Мизочь. Здесь большой манеж и прекрасный сад, два замечательных предмета; остальное все так, как и везде в Польше, — развалившиеся хижины, крытые соломою, и больше ничего. До манежа нам дела нет, мы объезжаем добрых коней в чистом поле; но сад! это дело другое. Я провожу там все послеобеденное время. Какое тут множество цветов, и так прекрасных, что я прыгаю от радости при виде их и ни для чего в свете не могу удержаться, чтоб не достать себе одну из роз, так высоко растущих, как мне никогда еще не случалось видеть; эти деревца вышиною аршина три и более осыпаны прелестнейшими розами, и я не иначе могу доставать их, как срубя цветок концом сабли. В один день я была застигнута на этом подвиге приходом садовника; в замешательстве и показывая ему срубленную розу, я спросила: «Можно ли иногда сорвать цветок с этих розовых деревьев?» — «Да когда уже сорвали, так можно, — отвечал, смеючись, садовник, — но только не испортьте самого деревца».
Вчера Станковичу пришла охота делать ученье в самый полдень; пыль и жар были нестерпимы; маневры делались все на карьере, к чему Станкович, лихой гусар, привык еще при Витгенштейне, прежнем шефе Мариупольского полка. Вчера метода эта едва не стоила жизни бедному жиду, трусливейшему из всех существ, населяющих землю. Окончательный маневр у нас бывает — атака. По команде: с места! марш! марш! мы понеслись как лишенные ума; Станковичу рассудилось повесть атаку на Мизочь, близ которого была широкая дорога и на ней пыли в пол-аршина глубиною; когда мы вскакали на эту дорогу, то пыль обняла эскадрон таким густым облаком, что я не только не видала, куда скачу, до не видала и лошади, на которой сижу; в это время раздалось вдруг и командирское — стой! равняйся! и отчаянный вопль чей-то подле самого стремени моего.

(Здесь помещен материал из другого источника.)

lemma prob_large_entry_le:
  "prob (large_entry j) \<le> expectation (\<lambda>\<omega>. if 2^j < X 0 \<omega> then 2^j else 0)"
proof -
  have "prob (large_entry j) = prob (\<Union>x\<in>{1..2^j}. X (int x) -` {2^j<..} \<inter> space M)"
    unfolding large_entry_def by (rule arg_cong[where f=prob]) auto
  also have "\<dots> \<le> (\<Sum>x\<in>{1..2^j}. prob (X (int x) -` {2^j<..} \<inter> space M))"
    by (rule measure_UNION_le) auto
  also have "\<dots> = (\<Sum>x\<in>{1..2^j::nat}. prob (X 0 -` {2^j<..} \<inter> space M))"
    by (intro sum.cong refl measure_vimage_eq_if_distr_eq[OF measurable_X measurable_X distr_X]) simp
  also have "\<dots> = expectation (\<lambda>\<omega>. 2^j * indicator (X 0 -` {2^j<..} \<inter> space M) \<omega>)"
    by simp
  also have "\<dots> = expectation (\<lambda>\<omega>. if 2^j < X 0 \<omega> then 2^j else 0)"
    by (rule Bochner_Integration.integral_cong) (auto simp: indicator_def)
  finally show ?thesis .
qed

lemma expectation_block_sum_le: "expectation (block_sum j) \<le> 2^j * expectation (X 0)"
proof -
  have "expectation (block_sum j) = (\<Sum>x\<in>{1..2^j}. expectation (\<lambda>\<omega>. trunc (2^j) (X (int x) \<omega>)))"
    unfolding block_sum_def[abs_def] using integrable_trunc by simp
  also have "\<dots> = (\<Sum>x\<in>{1..2^j::nat}. expectation (\<lambda>\<omega>. trunc (2^j) (X 0 \<omega>)))"
    by (intro sum.cong refl expectation_comp_X) simp
  also have "\<dots> = 2^j * expectation (\<lambda>\<omega>. trunc (2^j) (X 0 \<omega>))"
    by simp
  also have "\<dots> \<le> 2^j * expectation (X 0)"
    using integrable_trunc integrable_X nonneg_X
    by (intro mult_left_mono integral_mono) (auto simp: trunc_def)
  finally show ?thesis .
qed

lemma variance_block_sum_le:
  "variance (block_sum j) \<le> 2^j * expectation (\<lambda>\<omega>. (trunc (2^j) (X 0 \<omega>))\<^sup>2)"
proof -
  define Y where "Y x = (\<lambda>\<omega>. trunc (2^j) (X x \<omega>))" for x
  have "block_sum j = (\<lambda>\<omega>. \<Sum>x\<in>int ` {1..2^j}. Y x \<omega>)"
    by (simp add: block_sum_def Y_def sum.reindex fun_eq_iff)
  then have "variance (block_sum j) = variance (\<lambda>\<omega>. \<Sum>x\<in>int ` {1..2^j}. Y x \<omega>)"
    by simp
  also have "\<dots> = (\<Sum>x\<in>int ` {1..2^j}. variance (Y x))"
    unfolding Y_def using integrable_trunc_square
    by (intro variance_sum_indep indep_vars_subset[OF indep_vars_compose2[OF indep_X]]) auto
  also have "\<dots> \<le> (\<Sum>x\<in>int ` {1..2^j}. expectation (\<lambda>\<omega>. (Y x \<omega>)\<^sup>2))"
    unfolding Y_def using integrable_trunc integrable_trunc_square
    by (intro sum_mono) (simp add: variance_eq)
  also have "\<dots> = (\<Sum>x\<in>int ` {1..2^j}. expectation (\<lambda>\<omega>. (trunc (2^j) (X 0 \<omega>))\<^sup>2))"
    unfolding Y_def by (intro sum.cong refl expectation_comp_X) simp
  also have "\<dots> = 2^j * expectation (\<lambda>\<omega>. (trunc (2^j) (X 0 \<omega>))\<^sup>2)"
    by (simp add: card_image)
  finally show ?thesis .
qed

lemma prob_large_deviation_le:
  "prob (large_deviation j) \<le> expectation (\<lambda>\<omega>. (trunc (2^j) (X 0 \<omega>))\<^sup>2) / 2^j"
proof -
  have "\<bar>block_sum j \<omega>\<bar> \<le> 2^j * 2^j" for \<omega>
  proof -
    have "\<bar>block_sum j \<omega>\<bar> \<le> (\<Sum>x\<in>{1..2^j::nat}. \<bar>trunc (2^j) (X (int x) \<omega>)\<bar>)"
      unfolding block_sum_def by (rule sum_abs)
    also have "\<dots> \<le> (\<Sum>x\<in>{1..2^j::nat}. 2^j)"
      using abs_trunc_le[of "2^j"] by (intro sum_mono) simp
    finally show ?thesis by simp
  qed
  then have "integrable M (\<lambda>\<omega>. (block_sum j \<omega>)\<^sup>2)"
    by (intro integrable_const_bound[where B="(2^j * 2^j)\<^sup>2"])
      (simp add: abs_le_square_iff[symmetric], measurable)
  then have "prob (large_deviation j) \<le> variance (block_sum j) / (2^j)\<^sup>2"
    unfolding large_deviation_def by (intro Chebyshev_inequality) auto
  also have "\<dots> \<le> 2^j * expectation (\<lambda>\<omega>. (trunc (2^j) (X 0 \<omega>))\<^sup>2) / (2^j)\<^sup>2"
    by (intro divide_right_mono variance_block_sum_le) simp
  also have "\<dots> = expectation (\<lambda>\<omega>. (trunc (2^j) (X 0 \<omega>))\<^sup>2) / 2^j"
    by (simp add: power2_eq_square)
  finally show ?thesis .
qed

lemma prob_bad_block_le: "prob (bad_block j) \<le> expectation (\<lambda>\<omega>. dyadic_weight j (X 0 \<omega>))"
proof -
  have "prob (bad_block j) \<le> prob (large_entry j) + prob (large_deviation j)"
    unfolding bad_block_def by (rule measure_Un_le) auto
  also have "\<dots> \<le> expectation (\<lambda>\<omega>. if 2^j < X 0 \<omega> then 2^j else 0)
      + expectation (\<lambda>\<omega>. (trunc (2^j) (X 0 \<omega>))\<^sup>2) / 2^j"
    by (intro add_mono prob_large_entry_le prob_large_deviation_le)
  also have "\<dots> = expectation (\<lambda>\<omega>. dyadic_weight j (X 0 \<omega>))"
    using integrable_large_value integrable_trunc_square by (simp add: dyadic_weight_def)
  finally show ?thesis .
qed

Я с испугом остановила свою лошадь, и в то же время редеющая пыль дала мне увидеть у ног моего коня поверженного жида, который кричал во весь голос: ратуйте! Его бледное лицо, полные ужаса глаза, растрепанные пейсы и широко разинутый рот делали его похожим на чудовище: лошадь моя захрапела, стала на дыбы, а жид на четвереньках отполз от остановившегося фронта; потом встал и, согнувшись почти до земли, убежал в местечко. Я после узнала, что он упал от страха; но был невредим, потому что случаю угодно было, чтоб в это самое время остановился скачущий эскадрон. После ученья рассказала я моим товарищам об этом происшествии. «Ну, что ж, — спросил Вонтробка,— — когда ты увидел у ног своей лошади пручающегося жида с зияющею пастью и выпученными глазами, не пришло тебе на мысль из Федры:
De rage et de douleur ie monstre bondissant
Vient aux pieds des chevaux tomber on mugissant,
Se route, et leur presente une queule enflammee
Qui les couvre de feu, de sang, et de fumee».
От ярости и от боли чудовище подпрыгнуло
И с ревом пало под ноги коням,
Оно извивалось, из огненной пасти
Извергая огонь, кровь и дым (франц.).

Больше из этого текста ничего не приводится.